It’s a week before Christmas, the last thing on your mind is what’s going to happen in January. Revision is looming. However, unfortunately as students, January is our worst nightmare. Exam timetables are being revealed, and the last lectures of this semester are occurring now.
You owe it to yourself to enjoy the Christmas festivities but January exams will come around before you know it so it is better to at least start thinking about preparing.
There are a few keyways in which you can prepare. Also, no matter how distracted with Christmas you are, don’t wait until after all the festivities are done to start revising. New Years and Christmas are fun and it is great when family all get together. However, leaving it too late is when cramming begins, alongside panicking and late-night revision sessions.
Key ways to prepare
To begin with don’t procrastinate, this is a very common student problem, one that I am also guilty of. However, by procrastinating, you are literally just wasting time. The best way to put off procrastinating is by getting an early start to get ahead of it, this involves getting up in the morning, don’t lie in bed until 12. After that you should have a good breakfast or have some coffee to get you alert and ready for the day and just begin. One thing you should try and avoid in order to limit procrastination is social media. It sucks huge parts of your day as your scroll mindlessly. Also no one really feels good after seeing all the perfect (staged) pictures.

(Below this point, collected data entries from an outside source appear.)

(* For all integers $n, k \geq 1$ with $n \geq k$, $$\sum_{i=k}^{n} \frac{S(n,i)\, s(i,k)}{i} = \frac{1}{n}\binom{n}{k} B_{n-k} + \delta_{n-1,k},$$ where $\delta$ denotes the Kronecker delta.
   Context: For $n \geq 0$, $X^{\underline{n}} := X(X-1)\cdots(X-n+1)$ ($X^{\underline{0}}=1$). The (signed) Stirling numbers of the first kind $s(n,k)$ are defined by $X^{\underline{n}} = \sum_{k=0}^{n} s(n,k) X^k$, and the Stirling numbers of the second kind $S(n,k)$ by $X^n = \sum_{k=0}^{n} S(n,k) X^{\underline{k}}$ (for all $n\ge 0$), with $s(n,k)=S(n,k)=0$ when $n<k$. The Bernoulli numbers $B_n$ are defined by $\frac{t}{e^t-1} = \sum_{n\ge 0} B_n \frac{t^n}{n!}$. *)

theory Defs
  imports "HOL-Combinatorics.Stirling" "HOL-Computational_Algebra.Formal_Power_Series"
begin

text \<open>Signed Stirling numbers of the first kind: s(n,k) = (-1)^(n-k) * c(n,k),
  where c = stirling is the unsigned (cycle) Stirling number of the library.
  Stirling numbers of the second kind are the library's Stirling.\<close>
definition stirling1s :: "nat \<Rightarrow> nat \<Rightarrow> int" where
  "stirling1s n k = (-1) ^ (n - k) * int (stirling n k)"

definition bernoulli_gf :: "real fps" where
  "bernoulli_gf = fps_X / (fps_exp 1 - 1)"

definition bernoulli :: "nat \<Rightarrow> real" where
  "bernoulli n = fact n * fps_nth bernoulli_gf n"

end

theory Submission
  imports Defs "HOL-Computational_Algebra.Polynomial"
begin

text \<open>
  Put P_n(x) = sum_i S(n,i) (x)_i / i, where (x)_i is the falling factorial. Because
  (x+1)_i - (x)_i = i (x)_(i-1) and (x+1) (x)_(i-1) = (x+1)_i, expanding (x+1)^n in falling
  factorials gives P_n(x+1) - P_n(x) = (x+1)^(n-1), hence P_n(N) = 1^(n-1) + ... + N^(n-1).
  Faulhaber's formula, read off from t sum_(j<N) e^(jt) = t/(e^t - 1) (e^(Nt) - 1), writes this
  sum as a polynomial in N with Bernoulli coefficients; the summand N^(n-1) missing from
  sum_(j<N) j^(n-1) is the Kronecker delta. Since (x)_i = sum_k s(i,k) x^k, the coefficient of
  x^k in P_n is the left-hand side, and comparing coefficients proves the identity.
\<close>

definition falling_factorial :: "nat \<Rightarrow> 'a::comm_ring_1 \<Rightarrow> 'a" where
  "falling_factorial n x = (-1) ^ n * pochhammer (-x) n"

lemma falling_factorial_0 [simp]: "falling_factorial 0 x = 1"
  by (simp add: falling_factorial_def)

lemma falling_factorial_Suc: "falling_factorial (Suc n) x = falling_factorial n x * (x - of_nat n)"
  by (simp add: falling_factorial_def pochhammer_Suc algebra_simps)

lemma falling_factorial_Suc_plus_1:
  "falling_factorial (Suc n) (x + 1) = (x + 1) * falling_factorial n x"
  by (simp add: falling_factorial_def pochhammer_rec algebra_simps)

lemma falling_factorial_at_0: "n > 0 \<Longrightarrow> falling_factorial n 0 = 0"
  by (cases n) (simp_all add: falling_factorial_def pochhammer_rec)

lemma falling_factorial_forward_difference:
  "(x + 1) * (falling_factorial n (x + 1) - falling_factorial n x)
     = of_nat n * falling_factorial n (x + 1)"
proof (cases n)
  case (Suc m)
  have "falling_factorial (Suc m) (x + 1) - falling_factorial (Suc m) x
      = of_nat (Suc m) * falling_factorial m x"
    by (subst falling_factorial_Suc_plus_1, subst falling_factorial_Suc) (simp add: algebra_simps)
  then show ?thesis
    by (simp only: Suc falling_factorial_Suc_plus_1 mult.left_commute)
qed simp

lemma power_eq_sum_Stirling_falling_factorial:
  "x ^ n = (\<Sum>k\<le>n. of_nat (Stirling n k) * falling_factorial k x)"
proof (induction n)
  case 0
  then show ?case by simp
next
  case (Suc n)
  have "x ^ Suc n = (\<Sum>k\<le>n. of_nat (Stirling n k) * (x * falling_factorial k x))"
    by (simp add: Suc sum_distrib_left algebra_simps)
  also have "\<dots> = (\<Sum>k\<le>n. of_nat (Stirling n k) * falling_factorial (Suc k) x)
       + (\<Sum>k\<le>n. of_nat k * of_nat (Stirling n k) * falling_factorial k x)"
    by (simp add: sum.distrib[symmetric] falling_factorial_Suc algebra_simps)
  also have "(\<Sum>k\<le>n. of_nat k * of_nat (Stirling n k) * falling_factorial k x)
      = (\<Sum>k\<le>n. of_nat (Suc k) * of_nat (Stirling n (Suc k)) * falling_factorial (Suc k) x)"
    using sum.atMost_Suc_shift[of "\<lambda>k. of_nat k * of_nat (Stirling n k) * falling_factorial k x" n]
    by simp
  also have "(\<Sum>k\<le>n. of_nat (Stirling n k) * falling_factorial (Suc k) x) + \<dots>
      = (\<Sum>k\<le>Suc n. of_nat (Stirling (Suc n) k) * falling_factorial k x)"
    by (subst sum.atMost_Suc_shift) (simp add: sum.distrib algebra_simps)
  finally show ?case .
qed

lemma falling_factorial_eq_sum_stirling1s:
  "falling_factorial n x = (\<Sum>k\<le>n. of_int (stirling1s n k) * x ^ k)"
proof -
  have "falling_factorial n x = (\<Sum>k\<le>n. (-1) ^ n * of_nat (stirling n k) * (-x) ^ k)"
    by (simp add: falling_factorial_def stirling_pochhammer[symmetric] sum_distrib_left mult.assoc)
  also have "\<dots> = (\<Sum>k\<le>n. of_int (stirling1s n k) * x ^ k)"
  proof (intro sum.cong refl)
    fix k assume "k \<in> {..n}"
    then have "(-1 :: 'a) ^ n = (-1) ^ (n - k) * (-1) ^ k"
      by (simp flip: power_add)
    then show "(-1) ^ n * of_nat (stirling n k) * (-x) ^ k = of_int (stirling1s n k) * x ^ k"
      by (simp add: stirling1s_def power_minus[of x] algebra_simps)
  qed
  finally show ?thesis .
qed

definition falling_factorial_poly :: "nat \<Rightarrow> 'a::comm_ring_1 poly" where
  "falling_factorial_poly n = (\<Sum>k\<le>n. monom (of_int (stirling1s n k)) k)"

lemma poly_falling_factorial_poly: "poly (falling_factorial_poly n) x = falling_factorial n x"
  by (simp add: falling_factorial_poly_def falling_factorial_eq_sum_stirling1s poly_sum poly_monom)

lemma coeff_falling_factorial_poly: "coeff (falling_factorial_poly n) k = of_int (stirling1s n k)"
  by (cases "k \<le> n") (auto simp: falling_factorial_poly_def coeff_sum coeff_monom stirling1s_def)

lemma poly_eqI_of_nat:
  fixes p q :: "'a::{idom, ring_char_0} poly"
  assumes "\<And>N. poly p (of_nat N) = poly q (of_nat N)"
  shows "p = q"
proof (rule ccontr)
  assume "p \<noteq> q"
  then have "finite {x. poly (p - q) x = 0}"
    by (intro poly_roots_finite) simp
  moreover have "range of_nat \<subseteq> {x. poly (p - q) x = 0}"
    using assms by auto
  ultimately have "finite (range (of_nat :: nat \<Rightarrow> 'a))"
    by (rule finite_subset[rotated])
  then show False
    using range_inj_infinite[of "of_nat :: nat \<Rightarrow> 'a"] inj_of_nat by blast
qed

lemma bernoulli_gf_mult_exp_minus_1: "bernoulli_gf * (fps_exp 1 - 1) = fps_X"
proof -
  have "subdegree (fps_exp (1::real) - 1) = 1"
    by (rule subdegreeI) auto
  then have "(fps_exp (1::real) - 1) dvd fps_X"
    by (subst fps_dvd_iff) auto
  then show ?thesis
    by (simp add: bernoulli_gf_def)
qed

lemma fps_exp_minus_1_mult_sum_exp:
  "(fps_exp 1 - 1) * (\<Sum>j<N. fps_exp (of_nat j)) = fps_exp (of_nat N) - (1 :: 'a::field_char_0 fps)"
proof (induction N)
  case (Suc N)
  have "fps_exp (of_nat (Suc N)) = fps_exp 1 * fps_exp (of_nat N :: 'a)"
    by (simp add: fps_exp_add_mult[symmetric] add.commute)
  then show ?case
    using Suc by (simp add: algebra_simps)
qed simp

lemma sum_powers_bernoulli:
  "(\<Sum>j<N. real j ^ m)
     = (\<Sum>d=1..Suc m. real (Suc m choose d) * bernoulli (Suc m - d) * real N ^ d) / real (Suc m)"
proof -
  have "fps_X * (\<Sum>j<N. fps_exp (real j))
      = bernoulli_gf * ((fps_exp 1 - 1) * (\<Sum>j<N. fps_exp (real j)))"
    by (simp only: bernoulli_gf_mult_exp_minus_1 mult.assoc[symmetric])
  also have "\<dots> = (fps_exp (real N) - 1) * bernoulli_gf"
    by (simp only: fps_exp_minus_1_mult_sum_exp mult.commute)
  finally have "fps_nth (fps_X * (\<Sum>j<N. fps_exp (real j))) (Suc m)
      = fps_nth ((fps_exp (real N) - 1) * bernoulli_gf) (Suc m)"
    by simp
  moreover have "fps_nth (fps_X * (\<Sum>j<N. fps_exp (real j))) (Suc m)
      = (\<Sum>j<N. real j ^ m / fact m)"
    by (simp add: fps_sum_nth)
  moreover have "fps_nth ((fps_exp (real N) - 1) * bernoulli_gf) (Suc m)
      = (\<Sum>d=0..Suc m. (real N ^ d / fact d - (if d = 0 then 1 else 0))
                        * fps_nth bernoulli_gf (Suc m - d))"
    by (simp only: fps_mult_nth fps_sub_nth fps_exp_nth fps_one_nth of_nat_fact)
  ultimately have "(\<Sum>j<N. real j ^ m / fact m)
      = (\<Sum>d=0..Suc m. (real N ^ d / fact d - (if d = 0 then 1 else 0))
                        * fps_nth bernoulli_gf (Suc m - d))"
    by simp
  also have "\<dots> = (\<Sum>d=1..Suc m. real N ^ d / fact d * fps_nth bernoulli_gf (Suc m - d))"
    by (simp add: sum.atLeast_Suc_atMost)
  also have "\<dots> = (\<Sum>d=1..Suc m. real (Suc m choose d) * bernoulli (Suc m - d) * real N ^ d)
                   / real (Suc m) / fact m"
    unfolding sum_divide_distrib
  proof (intro sum.cong refl)
    fix d assume "d \<in> {1..Suc m}"
    then have "real (Suc m choose d) = fact (Suc m) / (fact d * fact (Suc m - d))"
      by (simp add: binomial_fact)
    moreover have "fact (Suc m) = real (Suc m) * fact m"
      by simp
    ultimately show "real N ^ d / fact d * fps_nth bernoulli_gf (Suc m - d)
        = real (Suc m choose d) * bernoulli (Suc m - d) * real N ^ d / real (Suc m) / fact m"
      unfolding bernoulli_def by (simp del: of_nat_Suc fact_Suc)
  qed
  finally show ?thesis
    by (simp add: sum_divide_distrib[symmetric] divide_eq_eq del: of_nat_Suc)
qed

text \<open>The summand i = 0 vanishes because division by zero yields zero.\<close>

definition stirling_antidifference :: "nat \<Rightarrow> 'a::field_char_0 poly" where
  "stirling_antidifference n =
     (\<Sum>i\<le>n. smult (of_nat (Stirling n i) / of_nat i) (falling_factorial_poly i))"

lemma coeff_stirling_antidifference:
  "coeff (stirling_antidifference n) k
     = (\<Sum>i=k..n. of_nat (Stirling n i) * of_int (stirling1s i k) / of_nat i)"
proof -
  have "coeff (stirling_antidifference n) k
      = (\<Sum>i\<le>n. of_nat (Stirling n i) * of_int (stirling1s i k) / of_nat i)"
    by (simp add: stirling_antidifference_def coeff_sum coeff_falling_factorial_poly)
  also have "\<dots> = (\<Sum>i=k..n. of_nat (Stirling n i) * of_int (stirling1s i k) / of_nat i)"
    by (intro sum.mono_neutral_right) (auto simp: stirling1s_def)
  finally show ?thesis .
qed

lemma poly_stirling_antidifference_0: "poly (stirling_antidifference n) 0 = 0"
  by (auto simp: stirling_antidifference_def poly_sum poly_falling_factorial_poly
      falling_factorial_at_0 intro!: sum.neutral)

lemma poly_stirling_antidifference_step:
  assumes "n > 0" and "x + 1 \<noteq> 0"
  shows "poly (stirling_antidifference n) (x + 1) - poly (stirling_antidifference n) x
           = (x + 1) ^ (n - 1)"
proof -
  let ?P = "stirling_antidifference n :: 'a poly"
  have poly_P: "poly ?P y = (\<Sum>i\<le>n. of_nat (Stirling n i) / of_nat i * falling_factorial i y)"
    for y
    by (simp add: stirling_antidifference_def poly_sum poly_falling_factorial_poly)
  have "(x + 1) * (poly ?P (x + 1) - poly ?P x)
      = (\<Sum>i\<le>n. of_nat (Stirling n i) / of_nat i
            * ((x + 1) * (falling_factorial i (x + 1) - falling_factorial i x)))"
    unfolding poly_P sum_subtractf[symmetric] sum_distrib_left
    by (intro sum.cong refl) (simp only: right_diff_distrib mult.left_commute)
  also have "\<dots> = (\<Sum>i\<le>n. of_nat (Stirling n i) * falling_factorial i (x + 1))"
    using \<open>n > 0\<close>
    by (intro sum.cong refl) (auto simp: falling_factorial_forward_difference gr0_conv_Suc)
  also have "\<dots> = (x + 1) * (x + 1) ^ (n - 1)"
    using \<open>n > 0\<close> by (simp flip: power_eq_sum_Stirling_falling_factorial power_Suc)
  finally show ?thesis
    using \<open>x + 1 \<noteq> 0\<close> by simp
qed

lemma poly_stirling_antidifference_of_nat:
  assumes "n > 0"
  shows "poly (stirling_antidifference n :: 'a::field_char_0 poly) (of_nat N)
           = (\<Sum>j<N. of_nat (Suc j) ^ (n - 1))"
proof -
  have "poly (stirling_antidifference n :: 'a poly) (of_nat N)
      = (\<Sum>j<N. poly (stirling_antidifference n) (of_nat (Suc j))
                 - poly (stirling_antidifference n) (of_nat j))"
    using sum_lessThan_telescope[of "\<lambda>j. poly (stirling_antidifference n) (of_nat j :: 'a)" N]
    by (simp add: poly_stirling_antidifference_0)
  also have "\<dots> = (\<Sum>j<N. of_nat (Suc j) ^ (n - 1))"
  proof (intro sum.cong refl)
    fix j
    show "poly (stirling_antidifference n) (of_nat (Suc j))
          - poly (stirling_antidifference n) (of_nat j) = (of_nat (Suc j) :: 'a) ^ (n - 1)"
      using poly_stirling_antidifference_step[OF assms, of "of_nat j"] of_nat_neq_0[of j]
      by (simp only: of_nat_Suc add.commute)
  qed
  finally show ?thesis .
qed

definition faulhaber_poly :: "nat \<Rightarrow> real poly" where
  "faulhaber_poly m =
     (\<Sum>d=1..Suc m. monom (real (Suc m choose d) * bernoulli (Suc m - d) / real (Suc m)) d)"

lemma poly_faulhaber_poly: "poly (faulhaber_poly m) (real N) = (\<Sum>j<N. real j ^ m)"
  unfolding faulhaber_poly_def sum_powers_bernoulli sum_divide_distrib poly_sum poly_monom
  by (intro sum.cong refl) simp

lemma coeff_faulhaber_poly:
  assumes "k > 0"
  shows "coeff (faulhaber_poly m) k = real (Suc m choose k) * bernoulli (Suc m - k) / real (Suc m)"
  using assms by (cases "k \<le> Suc m") (simp_all add: faulhaber_poly_def coeff_sum)

lemma stirling_antidifference_eq_faulhaber_poly:
  "stirling_antidifference (Suc m) = faulhaber_poly m + monom 1 m - [:0 ^ m:]"
proof (rule poly_eqI_of_nat)
  fix N
  have "(\<Sum>j<N. real (Suc j) ^ m) = (\<Sum>j<N. real j ^ m) + real N ^ m - 0 ^ m"
    using sum.lessThan_Suc_shift[of "\<lambda>j. real j ^ m" N] by simp
  then show "poly (stirling_antidifference (Suc m)) (of_nat N)
      = poly (faulhaber_poly m + monom 1 m - [:0 ^ m:]) (of_nat N)"
    by (simp add: poly_stirling_antidifference_of_nat poly_faulhaber_poly poly_monom)
qed

theorem corollary4:
  fixes n k :: nat
  assumes "k \<ge> 1" and "n \<ge> k"
  shows "(\<Sum>i=k..n. real (Stirling n i) * real_of_int (stirling1s i k) / real i)
         = (1 / real n) * real (n choose k) * bernoulli (n - k)
           + (if n - 1 = k then 1 else 0)"
proof -
  obtain m where n: "n = Suc m"
    using assms by (cases n) auto
  have "(\<Sum>i=k..n. real (Stirling n i) * real_of_int (stirling1s i k) / real i)
      = coeff (stirling_antidifference n) k"
    by (simp add: coeff_stirling_antidifference)
  also have "\<dots> = coeff (faulhaber_poly m + monom 1 m - [:0 ^ m:]) k"
    by (simp add: n stirling_antidifference_eq_faulhaber_poly)
  also have "\<dots> = real (n choose k) * bernoulli (n - k) / real n + (if m = k then 1 else 0)"
    using assms by (simp add: n coeff_faulhaber_poly coeff_pCons split: nat.split)
  finally show ?thesis
    by (simp add: n)
qed

end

Another factor that should be considered is that you need to take care of yourself. It’s very easy over Christmas to just let things go, let your routine go, let your regular exercise go, let your healthy food go. And although it’s fine to indulge a bit, if you take it too far and lose yourself, it’ll take a long time to get back to feeling normal again. Obviously, you may lose some sleep and enjoy the Christmas cake but ensure that on the days where nothing is happening, you enjoy an apple and go to bed before midnight. Lack of sleep and unhealthy foods can make you feel very lethargic and your work will suffer for it.
If your term time work was productive, then your January exams will be easier. Keeping consistent notes and ensuring that you read them often will help you in December time. Finding out a good place to revise on campus can be helpful too. We all know that sometimes home actually isn’t the most conducive place to study so therefore finding a spot where you are happy is essential. There are plenty of places online that tell you about rooms you can study in and places that will help you revise better. A lot of schools/ departments have dedicated study spaces too. Equally keeping your desk space tidy and organised will help your thoughts to be more organised.
When your revision starts, making sure you have a study space is useful, even if it is just your bed. However, to make sure that you maximise your productivity, get up early. This will motivate you to do your work if you start off doing well. Have a hot shower and focus your mind on what you are planning to do. Related to this as well is finding good study buddy’s, this doesn’t necessarily even have to be people on your course, although there are obvious benefits to that. However, the important thing is that the people support you and encourage you to study, meaning you don’t get distracted.
Lists and apps
It is important that before you start revision, you have a list of what you’re planning to do because this will help you to use your time properly. Creating revision lists will help you cover all the topics effectively. It is also helps you to feel accomplished by checking the lists off. Then make sure you keep the phone away. This will stop you from getting distracted by messages from friends or researching anything random. Apps like forest are designed to reward you for spending time away from your phone.
Revision cards and highlighters are your new best friend. Revision cards help to summarise ideas, rather than staring at lecture notes, it helps to reduce them to a more manageable size which will help you to memorise them better. Highlighters work in a similar way as they force you to only pull the relevant information from what can look like an overwhelming amount of words.
Finally, positive thinking is the key to success. Don’t doubt yourself and remain happy about what you have succeeded already. You can achieve anything if you put your mind to it.